TASK STATEMENT
Every record that follows must be set down word for word.

Stored data entries
(* Let $f:\mathbb{R}^n\to\mathbb{R}$ be strongly convex with constant $\mu>0$, and assume there exist scalars $M_1,M_2>0$ such that $\|v\|\le M_1\|x\|+M_2$ for all $x\in\mathbb{R}^n$ and all $v\in\partial f(x)$. Let $f^*$ be the optimal value of $\min_{x\in X}f(x)$. Run the random incremental penalty method with $s_k=\frac{2}{\mu k}$, $\delta_k=\frac{1}{k^d}$ with $d>1$, and $\gamma_k=\ln^g k$ with $g>0$, for all $k$. Define $\bar x_t^{\mathrm{av}}=\bar S_t^{-1}\sum_{k=1}^t s_k^{-1}x_k$ with $\bar S_t=\sum_{k=1}^t s_k^{-1}$. Then, as $t\to\infty$, $$\big|\mathbb{E}[f(\bar x_t^{\mathrm{av}})]-f^*\big|=O\!\left(\frac{\ln^{2g}t}{t}\right).$$
   Context: Let $a_1,\dots,a_m\in\mathbb{R}^n$ be nonzero vectors ($m\ge2$) and $b_1,\dots,b_m\in\mathbb{R}$. Let $X_i=\{x\in\mathbb{R}^n:\langle a_i,x\rangle-b_i\le0\}$ and $X=\bigcap_{i=1}^m X_i$, assumed nonempty. Strong convexity with constant $\mu$ means $f(u)\ge f(v)+\langle g,u-v\rangle+\frac{\mu}{2}\|u-v\|^2$ for all $u,v$ and all $g\in\partial f(v)$. For $\delta>0$, a nonzero $a\in\mathbb{R}^n$ and $b\in\mathbb{R}$, define $h_\delta(x;a,b)=\frac{\langle a,x\rangle-b}{\|a\|}$ if $\langle a,x\rangle-b>\delta$, $h_\delta(x;a,b)=\frac{(\langle a,x\rangle-b+\delta)^2}{4\delta\|a\|}$ if $-\delta\le\langle a,x\rangle-b\le\delta$, and $0$ if $\langle a,x\rangle-b<-\delta$; its gradient is $\nabla h_\delta(x;a,b)=\frac{1}{\|a\|}p'_\delta(\langle a,x\rangle-b)\,a$, where $p'_\delta(s)=1$ for $s>\delta$, $\frac{s+\delta}{2\delta}$ for $|s|\le\delta$, $0$ for $s<-\delta$. Random incremental penalty method: given sequences $\{s_k\},\{\gamma_k\},\{\delta_k\}$ and a random initial point $x_1$ with $\mathbb{E}\|x_1\|^2<\infty$, for $k\ge1$ set $x_{k+1}=x_k-s_k\big[\tilde\nabla f(x_k)+\gamma_k\nabla h_{\delta_k}(x_k;a_{i_k},b_{i_k})\big]$, where $\tilde\nabla f(x_k)\in\partial f(x_k)$ and $i_k$ is drawn uniformly at random from $\{1,\dots,m\}$, independently of $x_1,i_1,\dots,i_{k-1}$. *)

theory Defs
  imports "HOL-Probability.Probability" "HOL-Library.Landau_Symbols"
begin

definition subdifferential :: "('a::euclidean_space \<Rightarrow> real) \<Rightarrow> 'a \<Rightarrow> 'a set" where
  "subdifferential f x = {g. \<forall>y. f y \<ge> f x + inner g (y - x)}"

definition strongly_convex_const :: "('a::euclidean_space \<Rightarrow> real) \<Rightarrow> real \<Rightarrow> bool" where
  "strongly_convex_const f \<mu> \<longleftrightarrow>
     (\<forall>u v. \<forall>g\<in>subdifferential f v. f u \<ge> f v + inner g (u - v) + \<mu> / 2 * (norm (u - v))\<^sup>2)"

RESPONSE TO THE TASK
(* Let $f:\mathbb{R}^n\to\mathbb{R}$ be strongly convex with constant $\mu>0$, and assume there exist scalars $M_1,M_2>0$ such that $\|v\|\le M_1\|x\|+M_2$ for all $x\in\mathbb{R}^n$ and all $v\in\partial f(x)$. Let $f^*$ be the optimal value of $\min_{x\in X}f(x)$. Run the random incremental penalty method with $s_k=\frac{2}{\mu k}$, $\delta_k=\frac{1}{k^d}$ with $d>1$, and $\gamma_k=\ln^g k$ with $g>0$, for all $k$. Define $\bar x_t^{\mathrm{av}}=\bar S_t^{-1}\sum_{k=1}^t s_k^{-1}x_k$ with $\bar S_t=\sum_{k=1}^t s_k^{-1}$. Then, as $t\to\infty$, $$\big|\mathbb{E}[f(\bar x_t^{\mathrm{av}})]-f^*\big|=O\!\left(\frac{\ln^{2g}t}{t}\right).$$
   Context: Let $a_1,\dots,a_m\in\mathbb{R}^n$ be nonzero vectors ($m\ge2$) and $b_1,\dots,b_m\in\mathbb{R}$. Let $X_i=\{x\in\mathbb{R}^n:\langle a_i,x\rangle-b_i\le0\}$ and $X=\bigcap_{i=1}^m X_i$, assumed nonempty. Strong convexity with constant $\mu$ means $f(u)\ge f(v)+\langle g,u-v\rangle+\frac{\mu}{2}\|u-v\|^2$ for all $u,v$ and all $g\in\partial f(v)$. For $\delta>0$, a nonzero $a\in\mathbb{R}^n$ and $b\in\mathbb{R}$, define $h_\delta(x;a,b)=\frac{\langle a,x\rangle-b}{\|a\|}$ if $\langle a,x\rangle-b>\delta$, $h_\delta(x;a,b)=\frac{(\langle a,x\rangle-b+\delta)^2}{4\delta\|a\|}$ if $-\delta\le\langle a,x\rangle-b\le\delta$, and $0$ if $\langle a,x\rangle-b<-\delta$; its gradient is $\nabla h_\delta(x;a,b)=\frac{1}{\|a\|}p'_\delta(\langle a,x\rangle-b)\,a$, where $p'_\delta(s)=1$ for $s>\delta$, $\frac{s+\delta}{2\delta}$ for $|s|\le\delta$, $0$ for $s<-\delta$. Random incremental penalty method: given sequences $\{s_k\},\{\gamma_k\},\{\delta_k\}$ and a random initial point $x_1$ with $\mathbb{E}\|x_1\|^2<\infty$, for $k\ge1$ set $x_{k+1}=x_k-s_k\big[\tilde\nabla f(x_k)+\gamma_k\nabla h_{\delta_k}(x_k;a_{i_k},b_{i_k})\big]$, where $\tilde\nabla f(x_k)\in\partial f(x_k)$ and $i_k$ is drawn uniformly at random from $\{1,\dots,m\}$, independently of $x_1,i_1,\dots,i_{k-1}$. *)

theory Defs
  imports "HOL-Probability.Probability" "HOL-Library.Landau_Symbols"
begin

definition subdifferential :: "('a::euclidean_space \<Rightarrow> real) \<Rightarrow> 'a \<Rightarrow> 'a set" where
  "subdifferential f x = {g. \<forall>y. f y \<ge> f x + inner g (y - x)}"

definition strongly_convex_const :: "('a::euclidean_space \<Rightarrow> real) \<Rightarrow> real \<Rightarrow> bool" where
  "strongly_convex_const f \<mu> \<longleftrightarrow>
     (\<forall>u v. \<forall>g\<in>subdifferential f v. f u \<ge> f v + inner g (u - v) + \<mu> / 2 * (norm (u - v))\<^sup>2)"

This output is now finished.